USA lehnt das Internationale Strafgerichtshof ab
Die US-Regierung erhöht nun auch den Druck auf verbündete Staaten. Länder, die mit US-Behörden kooperieren, US-Truppen beherbergen oder vom US-Schutzschirm profitieren, würden aufgefordert, die Zuständigkeit des Gerichts für US-Bürger zurückzuweisen, hieß es aus dem Außenministerium. Sollten Staaten dies ablehnen, müssten sie mit Konsequenzen rechnen.
Der Widerstand von US-Präsident Donald Trump gegen das Gericht geht auf seine erste Amtszeit zurück und hatte sich im November 2024 verschärft, nachdem dieses einen Haftbefehl gegen den israelischen Ministerpräsidenten Benjamin Netanyahu erlassen hatte. Im vergangenen Monat hatten zudem drei Richter des Strafgerichtshofs Klage gegen Trump und seine Regierung eingereicht, weil sie die gegen sie verhängten US-Sanktionen für rechtswidrig halten.
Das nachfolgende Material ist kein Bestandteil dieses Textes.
(* Let $m\ge3$ and $n\ge2$. For all $i,j\in[n]$ with $i\ne j$ and all $\alpha>0$, the tensor $\alpha(e^{(i)}-e^{(j)})^m+\alpha e^m$ belongs to $DNN_{m,n}\setminus CP_{m,n}$.
   Context: $e^{(i)}$ is the $i$th standard basis vector of $\mathbb{R}^n$ and $e=(1,\dots,1)^T\in\mathbb{R}^n$; $(u^m)_{i_1\ldots i_m}=u_{i_1}\cdots u_{i_m}$. $(\mathcal{A}x^{m-1})_i=\sum_{i_2,\dots,i_m}a_{ii_2\ldots i_m}x_{i_2}\cdots x_{i_m}$; an H-eigenvalue of $\mathcal{A}\in\mathbb{S}_{m,n}$ is $\lambda\in\mathbb{R}$ with $\mathcal{A}x^{m-1}=\lambda(x_i^{m-1})_i$ for some nonzero $x\in\mathbb{R}^n$. $DNN_{m,n}$ is the set of symmetric tensors with all entries nonnegative and all H-eigenvalues nonnegative. $CP_{m,n}$ is the set of tensors $\sum_{k=1}^r(u^{(k)})^m$ with $u^{(k)}\in\mathbb{R}^n_+$. *)

theory Defs
  imports Complex_Main "HOL-Library.Multiset"
begin

text \<open>Order-m, dimension-n real tensors are functions on index lists of length m with
 entries in {0..<n} (0-based indices). Values outside this index set are irrelevant.
 Vectors in R^n are functions nat => real restricted to {0..<n}.\<close>

type_synonym tensor = "nat list \<Rightarrow> real"
type_synonym vec = "nat \<Rightarrow> real"

definition idx :: "nat \<Rightarrow> nat \<Rightarrow> nat list set" where
  "idx m n = {is. length is = m \<and> set is \<subseteq> {..<n}}"

definition std_basis :: "nat \<Rightarrow> vec" where
  "std_basis i = (\<lambda>k. if k = i then 1 else 0)"

definition ones :: vec where
  "ones = (\<lambda>k. 1)"

definition tpow :: "vec \<Rightarrow> tensor" where
  "tpow u = (\<lambda>is. prod_list (map u is))"

definition symmetric_tensor :: "nat \<Rightarrow> nat \<Rightarrow> tensor \<Rightarrow> bool" where
  "symmetric_tensor m n A \<longleftrightarrow>
     (\<forall>is\<in>idx m n. \<forall>js\<in>idx m n. mset is = mset js \<longrightarrow> A is = A js)"

definition tensor_apply :: "nat \<Rightarrow> nat \<Rightarrow> tensor \<Rightarrow> vec \<Rightarrow> nat \<Rightarrow> real" where
  "tensor_apply m n A x i = (\<Sum>js\<in>idx (m - 1) n. A (i # js) * prod_list (map x js))"

definition H_eigenvalue :: "nat \<Rightarrow> nat \<Rightarrow> tensor \<Rightarrow> real \<Rightarrow> bool" where
  "H_eigenvalue m n A lam \<longleftrightarrow>
     (\<exists>x::vec. (\<exists>i<n. x i \<noteq> 0) \<and>
        (\<forall>i<n. tensor_apply m n A x i = lam * x i ^ (m - 1)))"

definition DNN :: "nat \<Rightarrow> nat \<Rightarrow> tensor \<Rightarrow> bool" where
  "DNN m n A \<longleftrightarrow> symmetric_tensor m n A \<and> (\<forall>is\<in>idx m n. A is \<ge> 0) \<and>
     (\<forall>lam. H_eigenvalue m n A lam \<longrightarrow> lam \<ge> 0)"

definition CP :: "nat \<Rightarrow> nat \<Rightarrow> tensor \<Rightarrow> bool" where
  "CP m n A \<longleftrightarrow> (\<exists>(r::nat) (u::nat \<Rightarrow> vec).
     (\<forall>k<r. \<forall>i<n. u k i \<ge> 0) \<and>
     (\<forall>is\<in>idx m n. A is = (\<Sum>k<r. tpow (u k) is)))"

end

theory Submission
  imports Defs
begin

text \<open>Let d = e(i) - e(j) and A = \<alpha> d^m + \<alpha> e^m. Contracting a rank-one tensor
  gives u^m x^(m-1) = (u\<bullet>x)^(m-1) u, so an H-eigenpair satisfies
  \<alpha> (d\<bullet>x)^(m-1) d + \<alpha> (e\<bullet>x)^(m-1) e = \<lambda> x^[m-1]. For even m, pairing with x gives
  \<lambda> \<Sigma> x_k^m = \<alpha> (d\<bullet>x)^m + \<alpha> (e\<bullet>x)^m \<ge> 0. For odd m, in row i (where d_i = e_i = 1) the
  left side is nonnegative, so \<lambda> < 0 forces both powers to vanish and then x = 0.
  A is not completely positive: its entry at (i,...,i,j) is 0, so every nonnegative
  rank-one summand u^m has u_i = 0 or u_j = 0 and hence vanishes at (i,...,i,j,j),
  where A equals 2\<alpha> > 0.\<close>

lemma idx_0 [simp]: "idx 0 n = {[]}"
  by (auto simp: idx_def)

lemma idx_Suc: "idx (Suc p) n = (\<lambda>(a, js). a # js) ` ({..<n} \<times> idx p n)"
  by (auto simp: idx_def image_iff length_Suc_conv)

lemma sum_idx_prod_list:
  "(\<Sum>js\<in>idx p n. prod_list (map f js)) = (\<Sum>l<n. f l :: real) ^ p"
proof (induction p)
  case 0
  then show ?case by simp
next
  case (Suc p)
  have inj: "inj_on (\<lambda>(a, js). a # js) ({..<n} \<times> idx p n)"
    by (auto simp: inj_on_def)
  have "(\<Sum>js\<in>idx (Suc p) n. prod_list (map f js))
      = (\<Sum>(a, js)\<in>{..<n} \<times> idx p n. f a * prod_list (map f js))"
    unfolding idx_Suc sum.reindex[OF inj] by (simp add: split_def)
  also have "\<dots> = (\<Sum>a<n. f a) * (\<Sum>js\<in>idx p n. prod_list (map f js))"
    by (simp add: sum.cartesian_product[symmetric] sum_product)
  finally show ?case using Suc by simp
qed

lemma tpow_mset_eq: "mset is = mset js \<Longrightarrow> tpow u is = tpow u js"
  unfolding tpow_def by (metis mset_map prod_mset_prod_list)

lemma tpow_Cons [simp]: "tpow u (k # js) = u k * tpow u js"
  by (simp add: tpow_def)

lemma tpow_ones: "tpow ones js = 1"
  by (induction js) (simp_all add: tpow_def ones_def)

lemma abs_tpow_le_1: "(\<And>k. \<bar>u k\<bar> \<le> 1) \<Longrightarrow> \<bar>tpow u js\<bar> \<le> 1"
  by (induction js) (auto simp: tpow_def abs_mult intro: mult_le_one)

lemma symmetric_tensor_tpow_comb:
  "symmetric_tensor m n (\<lambda>is. a * tpow u is + b * tpow v is)"
  unfolding symmetric_tensor_def by (metis tpow_mset_eq)

lemma tensor_apply_tpow_comb:
  "tensor_apply m n (\<lambda>is. a * tpow u is + b * tpow v is) x k
     = a * u k * (\<Sum>l<n. u l * x l) ^ (m - 1) + b * v k * (\<Sum>l<n. v l * x l) ^ (m - 1)"
proof -
  have tpow_times: "tpow w js * prod_list (map x js) = prod_list (map (\<lambda>l. w l * x l) js)"
    for w js by (induction js) (simp_all add: tpow_def)
  have "tensor_apply m n (\<lambda>is. a * tpow u is + b * tpow v is) x k
      = (\<Sum>js\<in>idx (m - 1) n. a * u k * prod_list (map (\<lambda>l. u l * x l) js)
                            + b * v k * prod_list (map (\<lambda>l. v l * x l) js))"
    unfolding tensor_apply_def
    by (rule sum.cong) (simp_all add: algebra_simps flip: tpow_times)
  then show ?thesis
    by (simp add: sum.distrib flip: sum_distrib_left sum_idx_prod_list)
qed

lemma H_eigenvalue_tpow_comb_even_nonneg:
  assumes "H_eigenvalue m n (\<lambda>is. a * tpow u is + b * tpow v is) lam"
    and "even m" and "m \<noteq> 0" and "a \<ge> 0" and "b \<ge> 0"
  shows "lam \<ge> 0"
proof -
  define s where "s x = (\<Sum>l<n. u l * x l)" for x :: vec
  define t where "t x = (\<Sum>l<n. v l * x l)" for x :: vec
  obtain x k where "k < n" "x k \<noteq> 0"
    and ev: "\<And>k. k < n \<Longrightarrow> a * u k * s x ^ (m - 1) + b * v k * t x ^ (m - 1) = lam * x k ^ (m - 1)"
    using assms(1) by (auto simp: H_eigenvalue_def tensor_apply_tpow_comb s_def t_def)
  have pow_Suc: "y * y ^ (m - 1) = y ^ m" for y :: real
    using \<open>m \<noteq> 0\<close> by (simp flip: power_Suc)
  have "lam * (\<Sum>l<n. x l ^ m) = (\<Sum>l<n. x l * (lam * x l ^ (m - 1)))"
    by (simp add: sum_distrib_left algebra_simps flip: pow_Suc)
  also have "\<dots> = (\<Sum>l<n. x l * (a * u l * s x ^ (m - 1) + b * v l * t x ^ (m - 1)))"
    using ev by (intro sum.cong) auto
  also have "\<dots> = a * (s x * s x ^ (m - 1)) + b * (t x * t x ^ (m - 1))"
    by (simp add: s_def t_def sum.distrib sum_distrib_left sum_distrib_right algebra_simps)
  also have "\<dots> = a * s x ^ m + b * t x ^ m"
    by (simp only: pow_Suc)
  also have "\<dots> \<ge> 0"
    using assms by (simp add: zero_le_even_power)
  finally have "lam * (\<Sum>l<n. x l ^ m) \<ge> 0" .
  moreover have "(\<Sum>l<n. x l ^ m) > 0"
  proof (rule sum_pos2)
    show "x k ^ m > 0"
      using \<open>x k \<noteq> 0\<close> \<open>even m\<close> by (simp add: zero_less_power_eq)
  qed (use \<open>k < n\<close> \<open>even m\<close> in \<open>auto simp: zero_le_even_power\<close>)
  ultimately show ?thesis
    by (simp add: zero_le_mult_iff)
qed

lemma H_eigenvalue_tpow_comb_odd_nonneg:
  assumes "H_eigenvalue m n (\<lambda>is. a * tpow u is + b * tpow v is) lam"
    and "odd m" and "i < n" and "a * u i > 0" and "b * v i > 0"
  shows "lam \<ge> 0"
proof (rule ccontr)
  assume "\<not> lam \<ge> 0"
  define s where "s x = (\<Sum>l<n. u l * x l)" for x :: vec
  define t where "t x = (\<Sum>l<n. v l * x l)" for x :: vec
  obtain x k where "k < n" "x k \<noteq> 0"
    and ev: "\<And>k. k < n \<Longrightarrow> a * u k * s x ^ (m - 1) + b * v k * t x ^ (m - 1) = lam * x k ^ (m - 1)"
    using assms(1) by (auto simp: H_eigenvalue_def tensor_apply_tpow_comb s_def t_def)
  have "even (m - 1)"
    using \<open>odd m\<close> by simp
  then have pos: "s x ^ (m - 1) \<ge> 0" "t x ^ (m - 1) \<ge> 0" "x i ^ (m - 1) \<ge> 0"
    by (simp_all add: zero_le_even_power)
  have "lam * x i ^ (m - 1) \<le> 0"
    using \<open>\<not> lam \<ge> 0\<close> pos(3) by (intro mult_nonpos_nonneg) auto
  moreover have "a * u i * s x ^ (m - 1) \<ge> 0" "b * v i * t x ^ (m - 1) \<ge> 0"
    using assms(4,5) pos(1,2) by simp_all
  ultimately have "a * u i * s x ^ (m - 1) = 0" "b * v i * t x ^ (m - 1) = 0"
    using ev[OF \<open>i < n\<close>] by linarith+
  then have s0: "s x ^ (m - 1) = 0" and t0: "t x ^ (m - 1) = 0"
    using assms(4,5) by (metis mult_eq_0_iff less_irrefl)+
  have "lam * x k ^ (m - 1) = 0"
    using ev[OF \<open>k < n\<close>] unfolding s0 t0 by simp
  with \<open>\<not> lam \<ge> 0\<close> \<open>x k \<noteq> 0\<close> show False
    by simp
qed

lemma H_eigenvalue_tpow_comb_nonneg:
  assumes "H_eigenvalue m n (\<lambda>is. a * tpow u is + b * tpow v is) lam"
    and "m \<noteq> 0" and "i < n" and "a > 0" and "b > 0" and "u i > 0" and "v i > 0"
  shows "lam \<ge> 0"
proof (cases "even m")
  case True
  with assms show ?thesis
    by (intro H_eigenvalue_tpow_comb_even_nonneg[OF assms(1)]) simp_all
next
  case False
  with assms show ?thesis
    by (intro H_eigenvalue_tpow_comb_odd_nonneg[OF assms(1) False \<open>i < n\<close>]) simp_all
qed

lemma CP_entry_zero_propagates:
  assumes "CP m n A" and "m \<ge> 3" and "i < n" and "j < n"
    and "A (replicate (m - 1) i @ [j]) = 0"
  shows "A (replicate (m - 2) i @ [j, j]) = 0"
proof -
  obtain r :: nat and u :: "nat \<Rightarrow> vec" where u_nonneg: "\<forall>k<r. \<forall>l<n. u k l \<ge> 0"
    and A_eq: "\<forall>is\<in>idx m n. A is = (\<Sum>k<r. tpow (u k) is)"
    using assms(1) unfolding CP_def by blast
  have mem: "replicate (m - 1) i @ [j] \<in> idx m n" "replicate (m - 2) i @ [j, j] \<in> idx m n"
    using assms(2-4) by (auto simp: idx_def)
  have "(\<Sum>k<r. u k i ^ (m - 1) * u k j) = 0"
    using bspec[OF A_eq mem(1)] assms(5) by (simp add: tpow_def)
  then have "\<forall>k\<in>{..<r}. u k i ^ (m - 1) * u k j = 0"
    by (subst (asm) sum_nonneg_eq_0_iff) (auto simp: u_nonneg assms(3,4))
  then have "tpow (u k) (replicate (m - 2) i @ [j, j]) = 0" if "k < r" for k
    using that \<open>m \<ge> 3\<close> by (auto simp: tpow_def)
  then show ?thesis
    using bspec[OF A_eq mem(2)] by simp
qed

theorem mainTheorem16:
  fixes m n i j :: nat and \<alpha> :: real
  assumes "m \<ge> 3" and "n \<ge> 2" and "i < n" and "j < n" and "i \<noteq> j" and "\<alpha> > 0"
  shows "DNN m n (\<lambda>is. \<alpha> * tpow (\<lambda>k. std_basis i k - std_basis j k) is + \<alpha> * tpow ones is)
       \<and> \<not> CP m n (\<lambda>is. \<alpha> * tpow (\<lambda>k. std_basis i k - std_basis j k) is + \<alpha> * tpow ones is)"
proof -
  define d where "d = (\<lambda>k. std_basis i k - std_basis j k)"
  define A where "A = (\<lambda>is. \<alpha> * tpow d is + \<alpha> * tpow ones is)"
  have d_i: "d i = 1" and d_j: "d j = -1" and ones: "ones i = 1" "ones j = 1"
    using \<open>i \<noteq> j\<close> by (simp_all add: d_def std_basis_def ones_def)
  have nonneg: "A is \<ge> 0" for "is"
  proof -
    have "\<bar>tpow d is\<bar> \<le> 1"
      by (rule abs_tpow_le_1) (simp add: d_def std_basis_def)
    then have "tpow d is + 1 \<ge> 0"
      by linarith
    with \<open>\<alpha> > 0\<close> have "\<alpha> * (tpow d is + 1) \<ge> 0"
      by simp
    then show ?thesis
      by (simp add: A_def tpow_ones algebra_simps)
  qed
  have eigenvalues_nonneg: "lam \<ge> 0" if "H_eigenvalue m n A lam" for lam
    using H_eigenvalue_tpow_comb_nonneg[OF that[unfolded A_def], of i] assms
    by (simp add: d_i ones)
  have "DNN m n A"
    unfolding DNN_def using symmetric_tensor_tpow_comb nonneg eigenvalues_nonneg
    by (simp add: A_def)
  moreover have "\<not> CP m n A"
  proof
    assume "CP m n A"
    moreover have "A (replicate (m - 1) i @ [j]) = 0"
      by (simp add: A_def tpow_def d_i d_j ones)
    ultimately have "A (replicate (m - 2) i @ [j, j]) = 0"
      using CP_entry_zero_propagates assms by simp
    then show False
      using \<open>\<alpha> > 0\<close> by (simp add: A_def tpow_def d_i d_j ones)
  qed
  ultimately show ?thesis
    unfolding A_def d_def by blast
qed

end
Die USA gehören dem 2002 gegründeten Gericht mit Sitz im niederländischen Den Haag nicht an. Dennoch kann der Strafgerichtshof unter bestimmten Bedingungen auch Bürger von Nicht-Mitgliedstaaten strafrechtlich verfolgen, wenn die mutmaßlichen Verbrechen auf dem Territorium eines Mitgliedstaates begangen wurden. Trump und andere Politiker in Washington lehnen die Zuständigkeit des Gerichts für US-Bürger, insbesondere für Militärangehörige, seit langem ab. Rubio warf dem Gericht in einer Videobotschaft vor, sich zu einer radikalen und extremen Institution entwickelt zu haben. Er verwies auf Forderungen von Aktivisten, US-Sicherheitskräfte wegen Abschiebungen von Migranten oder Einsätzen gegen Drogenschmuggler anzuklagen. In den vergangenen Jahren hat das Gericht jedoch keine Ermittlungen gegen US-Personaleingeleitet.